Dataset entries:
definition paired :: "'i::order set \<Rightarrow> ('g \<Rightarrow> 'g \<Rightarrow> bool) \<Rightarrow> ('g \<Rightarrow> 'o) \<Rightarrow> ('i \<Rightarrow> 'i)
    \<Rightarrow> ('i \<Rightarrow> 'g option) \<Rightarrow> bool" where
  "paired S M \<gamma> \<sigma> f \<longleftrightarrow> (\<forall>i\<in>S. paired_at S M \<gamma> \<sigma> f i)"

lemma paired_atD:
  assumes "paired_at S M \<gamma> \<sigma> f i" "f i = Some g"
  obtains h where "f (\<sigma> i) = Some h" "\<gamma> g = \<gamma> h"
    and "\<exists>j\<in>S. (i < j \<or> \<sigma> i < j) \<and> f j \<noteq> None \<Longrightarrow> \<gamma> ` options M g = \<gamma> ` options M h"
proof -
  have "f (\<sigma> i) \<noteq> None"
    using assms unfolding paired_at_def by simp
  then obtain h where "f (\<sigma> i) = Some h"
    by blast
  moreover from this have "\<gamma> g = \<gamma> h \<and> ((\<exists>j\<in>S. (i < j \<or> \<sigma> i < j) \<and> f j \<noteq> None) \<longrightarrow>
      \<gamma> ` options M g = \<gamma> ` options M h)"
    using assms unfolding paired_at_def by simp
  ultimately show ?thesis
    using that by blast
qed

lemma paired_at_zero: "f i = None \<Longrightarrow> f (\<sigma> i) = None \<Longrightarrow> paired_at S M \<gamma> \<sigma> f i"
  unfolding paired_at_def by simp

lemma paired_at_top:
  assumes "f i = Some g" "f (\<sigma> i) = Some h" "\<gamma> g = \<gamma> h"
    and "\<forall>j\<in>S. i < j \<or> \<sigma> i < j \<longrightarrow> f j = None"
  shows "paired_at S M \<gamma> \<sigma> f i"
  using assms unfolding paired_at_def by auto

lemma paired_at_transfer:
  assumes "paired_at S M \<gamma> \<sigma> f i" "f' i = f i" "f' (\<sigma> i) = f (\<sigma> i)"
    and "\<forall>j\<in>S. f' j \<noteq> None \<longrightarrow> f j \<noteq> None"
  shows "paired_at S M \<gamma> \<sigma> f' i"
proof -
  have "(\<exists>j\<in>S. (i < j \<or> \<sigma> i < j) \<and> f' j \<noteq> None) \<longrightarrow>
      (\<exists>j\<in>S. (i < j \<or> \<sigma> i < j) \<and> f j \<noteq> None)"
    using assms(4) by blast
  then show ?thesis
    using assms(1) unfolding paired_at_def assms(2,3) by blast
qed

lemma paired_join_pos:
  assumes gamma: "grundy_fun M \<gamma>"
    and termin: "terminating (join_move S M) (join_pos S G)"
    and inv: "involution_on S \<sigma>"
    and sim1: "\<forall>i\<in>S. \<gamma> ` options M (G i) = \<gamma> ` options M (G (\<sigma> i))"
  shows "paired S M \<gamma> \<sigma> (join_pos S G)"
  unfolding paired_def
proof
  fix i assume "i \<in> S"
  then have "\<sigma> i \<in> S"
    by (rule involution_onD[OF inv])
  then have "\<gamma> (G i) = \<gamma> (G (\<sigma> i))"
    using grundy_fun_eq_if_options_eq[OF gamma] terminating_join_component[OF termin] sim1 \<open>i \<in> S\<close>
    by (simp add: join_pos_def)
  then show "paired_at S M \<gamma> \<sigma> (join_pos S G) i"
    using \<open>i \<in> S\<close> \<open>\<sigma> i \<in> S\<close> sim1 by (auto simp: paired_at_def join_pos_def)
qed

text \<open>Every answer of the mirror strategy produces a position of this shape.\<close>

definition pair_update :: "'i::order set \<Rightarrow> ('i \<Rightarrow> 'i) \<Rightarrow> ('i \<Rightarrow> 'g option) \<Rightarrow> 'i \<Rightarrow> 'g \<Rightarrow> 'g
    \<Rightarrow> 'i \<Rightarrow> 'g option" where
  "pair_update S \<sigma> f i a b = (\<lambda>j. if j = i then Some a else if j = \<sigma> i then Some b
     else if j \<in> S \<and> (i < j \<or> \<sigma> i < j) then None else f j)"

lemma paired_at_pair_update_pair:
  assumes inv: "involution_on S \<sigma>" and wop: "weakly_order_preserving S \<sigma>"
    and "i \<in> S" "\<sigma> i \<noteq> i" "\<gamma> a = \<gamma> b" and l: "l = i \<or> l = \<sigma> i"
  shows "paired_at S M \<gamma> \<sigma> (pair_update S \<sigma> f i a b) l"
proof -
  let ?f = "pair_update S \<sigma> f i a b"
  have ii: "\<sigma> (\<sigma> i) = i"
    using involution_onD[OF inv \<open>i \<in> S\<close>] by simp
  have none_above: "\<forall>j\<in>S. l < j \<or> \<sigma> l < j \<longrightarrow> ?f j = None"
  proof (intro ballI impI)
    fix j assume "j \<in> S" "l < j \<or> \<sigma> l < j"
    then have "i < j \<or> \<sigma> i < j"
      using l ii by auto
    moreover have "j \<noteq> i" "j \<noteq> \<sigma> i"
      using calculation weakly_order_preserving_incomparable[OF inv wop \<open>i \<in> S\<close>] by auto
    ultimately show "?f j = None"
      using \<open>j \<in> S\<close> by (simp add: pair_update_def)
  qed
  consider "?f l = Some a" "?f (\<sigma> l) = Some b" | "?f l = Some b" "?f (\<sigma> l) = Some a"
    using l ii \<open>\<sigma> i \<noteq> i\<close> by (cases "l = i") (simp_all add: pair_update_def)
  then show ?thesis
  proof cases
    case 1
    show ?thesis
      using 1 \<open>\<gamma> a = \<gamma> b\<close> none_above by (rule paired_at_top)
  next
    case 2
    show ?thesis
      using 2 \<open>\<gamma> a = \<gamma> b\<close>[symmetric] none_above by (rule paired_at_top)
  qed
qed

WHAT YOU HAVE TO DO → Once more, write out the records exactly as they are.

TASK SOLUTION →
definition paired :: "'i::order set \<Rightarrow> ('g \<Rightarrow> 'g \<Rightarrow> bool) \<Rightarrow> ('g \<Rightarrow> 'o) \<Rightarrow> ('i \<Rightarrow> 'i)
    \<Rightarrow> ('i \<Rightarrow> 'g option) \<Rightarrow> bool" where
  "paired S M \<gamma> \<sigma> f \<longleftrightarrow> (\<forall>i\<in>S. paired_at S M \<gamma> \<sigma> f i)"

lemma paired_atD:
  assumes "paired_at S M \<gamma> \<sigma> f i" "f i = Some g"
  obtains h where "f (\<sigma> i) = Some h" "\<gamma> g = \<gamma> h"
    and "\<exists>j\<in>S. (i < j \<or> \<sigma> i < j) \<and> f j \<noteq> None \<Longrightarrow> \<gamma> ` options M g = \<gamma> ` options M h"
proof -
  have "f (\<sigma> i) \<noteq> None"
    using assms unfolding paired_at_def by simp
  then obtain h where "f (\<sigma> i) = Some h"
    by blast
  moreover from this have "\<gamma> g = \<gamma> h \<and> ((\<exists>j\<in>S. (i < j \<or> \<sigma> i < j) \<and> f j \<noteq> None) \<longrightarrow>
      \<gamma> ` options M g = \<gamma> ` options M h)"
    using assms unfolding paired_at_def by simp
  ultimately show ?thesis
    using that by blast
qed

lemma paired_at_zero: "f i = None \<Longrightarrow> f (\<sigma> i) = None \<Longrightarrow> paired_at S M \<gamma> \<sigma> f i"
  unfolding paired_at_def by simp

lemma paired_at_top:
  assumes "f i = Some g" "f (\<sigma> i) = Some h" "\<gamma> g = \<gamma> h"
    and "\<forall>j\<in>S. i < j \<or> \<sigma> i < j \<longrightarrow> f j = None"
  shows "paired_at S M \<gamma> \<sigma> f i"
  using assms unfolding paired_at_def by auto

lemma paired_at_transfer:
  assumes "paired_at S M \<gamma> \<sigma> f i" "f' i = f i" "f' (\<sigma> i) = f (\<sigma> i)"
    and "\<forall>j\<in>S. f' j \<noteq> None \<longrightarrow> f j \<noteq> None"
  shows "paired_at S M \<gamma> \<sigma> f' i"
proof -
  have "(\<exists>j\<in>S. (i < j \<or> \<sigma> i < j) \<and> f' j \<noteq> None) \<longrightarrow>
      (\<exists>j\<in>S. (i < j \<or> \<sigma> i < j) \<and> f j \<noteq> None)"
    using assms(4) by blast
  then show ?thesis
    using assms(1) unfolding paired_at_def assms(2,3) by blast
qed

lemma paired_join_pos:
  assumes gamma: "grundy_fun M \<gamma>"
    and termin: "terminating (join_move S M) (join_pos S G)"
    and inv: "involution_on S \<sigma>"
    and sim1: "\<forall>i\<in>S. \<gamma> ` options M (G i) = \<gamma> ` options M (G (\<sigma> i))"
  shows "paired S M \<gamma> \<sigma> (join_pos S G)"
  unfolding paired_def
proof
  fix i assume "i \<in> S"
  then have "\<sigma> i \<in> S"
    by (rule involution_onD[OF inv])
  then have "\<gamma> (G i) = \<gamma> (G (\<sigma> i))"
    using grundy_fun_eq_if_options_eq[OF gamma] terminating_join_component[OF termin] sim1 \<open>i \<in> S\<close>
    by (simp add: join_pos_def)
  then show "paired_at S M \<gamma> \<sigma> (join_pos S G) i"
    using \<open>i \<in> S\<close> \<open>\<sigma> i \<in> S\<close> sim1 by (auto simp: paired_at_def join_pos_def)
qed

text \<open>Every answer of the mirror strategy produces a position of this shape.\<close>

definition pair_update :: "'i::order set \<Rightarrow> ('i \<Rightarrow> 'i) \<Rightarrow> ('i \<Rightarrow> 'g option) \<Rightarrow> 'i \<Rightarrow> 'g \<Rightarrow> 'g
    \<Rightarrow> 'i \<Rightarrow> 'g option" where
  "pair_update S \<sigma> f i a b = (\<lambda>j. if j = i then Some a else if j = \<sigma> i then Some b
     else if j \<in> S \<and> (i < j \<or> \<sigma> i < j) then None else f j)"

lemma paired_at_pair_update_pair:
  assumes inv: "involution_on S \<sigma>" and wop: "weakly_order_preserving S \<sigma>"
    and "i \<in> S" "\<sigma> i \<noteq> i" "\<gamma> a = \<gamma> b" and l: "l = i \<or> l = \<sigma> i"
  shows "paired_at S M \<gamma> \<sigma> (pair_update S \<sigma> f i a b) l"
proof -
  let ?f = "pair_update S \<sigma> f i a b"
  have ii: "\<sigma> (\<sigma> i) = i"
    using involution_onD[OF inv \<open>i \<in> S\<close>] by simp
  have none_above: "\<forall>j\<in>S. l < j \<or> \<sigma> l < j \<longrightarrow> ?f j = None"
  proof (intro ballI impI)
    fix j assume "j \<in> S" "l < j \<or> \<sigma> l < j"
    then have "i < j \<or> \<sigma> i < j"
      using l ii by auto
    moreover have "j \<noteq> i" "j \<noteq> \<sigma> i"
      using calculation weakly_order_preserving_incomparable[OF inv wop \<open>i \<in> S\<close>] by auto
    ultimately show "?f j = None"
      using \<open>j \<in> S\<close> by (simp add: pair_update_def)
  qed
  consider "?f l = Some a" "?f (\<sigma> l) = Some b" | "?f l = Some b" "?f (\<sigma> l) = Some a"
    using l ii \<open>\<sigma> i \<noteq> i\<close> by (cases "l = i") (simp_all add: pair_update_def)
  then show ?thesis
  proof cases
    case 1
    show ?thesis
      using 1 \<open>\<gamma> a = \<gamma> b\<close> none_above by (rule paired_at_top)
  next
    case 2
    show ?thesis
      using 2 \<open>\<gamma> a = \<gamma> b\<close>[symmetric] none_above by (rule paired_at_top)
  qed
qed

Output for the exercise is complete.